Zenith Energy Ltd. has entered into a conditional Deed of Variation to amend the terms of the consideration payable for the acquisition of an 80% interest in Anglo African Oil & Gas's (AAOG) fully owned subsidiary, Anglo African Oil & Gas Congo S.A.U., which has a 56% majority interest in, and is the operator of, the Tilapia oilfield in the Republic of the Congo.

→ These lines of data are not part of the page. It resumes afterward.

theorem proposition3p4:
  fixes n :: nat
  assumes "n \<ge> 6"
  shows "o_e n = s_e n \<and> o_o n = s_o n \<and> int (o_e n) + int (o_o n) = s n"
proof -
  have e: "o_e n = s_e n"
    using card_oe_part[of n] card_butterfly_param_odd_param[of even n] card_butterfly_param[of n even]
    unfolding o_e_def s_e_def by simp
  have o: "o_o n = s_o n"
    using card_oo_part[of n] card_butterfly_param_odd_param[of odd n] card_butterfly_param[of n odd]
    unfolding o_o_def s_o_def by simp
  have "int (o_e n) + int (o_o n) = s n"
    using card_butterfly_eq_s[OF assms] s_e_add_s_o[of n] e o by simp
  with e o show ?thesis
    by blast
qed

end
lemma block_yield_asymptotically_ge:
  fixes p q \<epsilon> :: real
  assumes p: "p > 0" and q: "q > 0" and pq: "p + q = 1" and eps: "\<epsilon> > 0"
  shows "\<exists>n0. \<forall>n\<ge>n0. \<exists>a. real n * (- (p * log 2 p + q * log 2 q) - \<epsilon>) \<le> block_yield p q n a"
proof -
  define H where "H = - (p * log 2 p + q * log 2 q)"
  have "log 2 p \<le> 0" "log 2 q \<le> 0" using p q pq by simp_all
  then have "p * log 2 p \<le> 0" "q * log 2 q \<le> 0" using p q by (simp_all add: mult_nonneg_nonpos)
  then have "H \<ge> 0" by (simp add: H_def)
  obtain t :: nat where "2 * (H + 1) / \<epsilon> < 2 ^ t" using real_arch_pow[of 2] by auto
  then have \<delta>H: "H / 2 ^ t \<le> \<epsilon> / 2" using eps \<open>H \<ge> 0\<close> by (simp add: field_simps)
  have "((\<lambda>n::nat. (log 2 (real n + 1) + t + 1) / real n) \<longlongrightarrow> 0) at_top"
    by real_asymp
  from order_tendstoD(2)[OF this, of "\<epsilon> / 2"]
  have "\<forall>\<^sub>F n in sequentially. (log 2 (real n + 1) + t + 1) / real n < \<epsilon> / 2"
    using eps by (simp only: half_gt_zero)
  moreover have "\<forall>\<^sub>F n in sequentially. n > (0::nat)" by (rule eventually_gt_at_top)
  ultimately have "\<forall>\<^sub>F n in sequentially. log 2 (real n + 1) + t + 1 \<le> real n * (\<epsilon> / 2)"
    by eventually_elim (simp add: field_simps)
  then obtain n0 where n0: "\<And>n. n \<ge> n0 \<Longrightarrow> log 2 (real n + 1) + t + 1 \<le> real n * (\<epsilon> / 2)"
    by (auto simp: eventually_sequentially)
  have "real n * (H - \<epsilon>) \<le> block_yield p q n (\<lambda>k. floor_log (n choose k) - t)" if "n \<ge> n0" for n
  proof -
    define L where "L = log 2 (real n + 1) + t + 1"
    define D :: real where "D = 2 ^ t"
    have "real n * (H / D) \<le> real n * (\<epsilon> / 2)" using \<delta>H by (intro mult_left_mono) (auto simp: D_def)
    moreover have "L \<le> real n * (\<epsilon> / 2)" using n0[OF that] by (simp add: L_def)
    moreover have "real n * (H - \<epsilon>) = real n * H - 2 * (real n * (\<epsilon> / 2))"
      by (simp add: algebra_simps)
    ultimately have "real n * (H - \<epsilon>) \<le> real n * H - L - real n * (H / D)"
      by linarith
    also have "\<dots> \<le> real n * H - L - real n * (H / D) + L / D"
      by (simp add: L_def D_def)
    also have "\<dots> = (1 - 1 / D) * (real n * H - L)"
      by (simp add: D_def field_simps)
    also have "\<dots> = (1 - 1 / 2 ^ t) * (real n * H - log 2 (real n + 1) - t - 1)"
      by (simp add: L_def D_def algebra_simps)
    also have "\<dots> \<le> block_yield p q n (\<lambda>k. floor_log (n choose k) - t)"
      using block_yield_floor_log_ge[OF p q pq] by (simp add: H_def)
    finally show ?thesis .
  qed
  then show ?thesis unfolding H_def by blast
qed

Under the original terms of the Acquisition, Zenith was to pay a consideration of £1 million to AAOG, of which £500 000 was to be satisfied in cash to be paid in six equal monthly instalments with the first instalment due on completion and the last being six months later, and £500 000 was to be satisfied by the issue of ordinary shares in the share capital of Zenith to be issued at the volume weighted average price of a Zenith common share for a period of 14 trading days prior to completion.

The Deed of Variation provides that the Consideration shall be decreased by 20% to £800 000 to be paid in cash only and in ten equal monthly instalments with the first payment due on completion of the Acquisition. As a result of this amendment, Zenith will no longer issue any equity as part of the Consideration for the Acquisition.

Completion of the Acquisition remains conditional on certain regulatory approvals being obtained in the Republic of the Congo including consent of the Minister of Hydrocarbons which Zenith is expecting to achieve in due course.

The aforementioned revision to the amount of the Consideration and the mechanism by which it is to be settled is conditional only on the passing of a resolution to be put to shareholders of AAOG at a general meeting. Otherwise, the terms of the Acquisition, as detailed in Zenith’s announcement dated 27 December 2019, remain unchanged.

It should be noted that if the Resolution is not passed at the General Meeting of AAOG shareholders, the Deed of Variation will not come into effect. Consequently, the Acquisition will proceed under the original terms of the SPA announced to the market on 27 December 2019. ?

Andrea Cattaneo, CEO, commented:

“We are pleased to have successfully renegotiated the terms of the Acquisition with the achievement of a 20% reduction and the avoidance of any Zenith equity issuance as part of the Consideration. Recent world events, specifically the Covid-19 pandemic, have severely impacted the international financial markets, and, by consequence, also negatively affected the valuation of our share price. In view of the above developments, we have decreased the Consideration to reflect an adjusted asset valuation commensurate with the decline in oil prices and to include cash only consideration which shall be funded by means of our publicly announced €25 million EMTN Programme. I look forward to updating the market in due course regarding Completion.”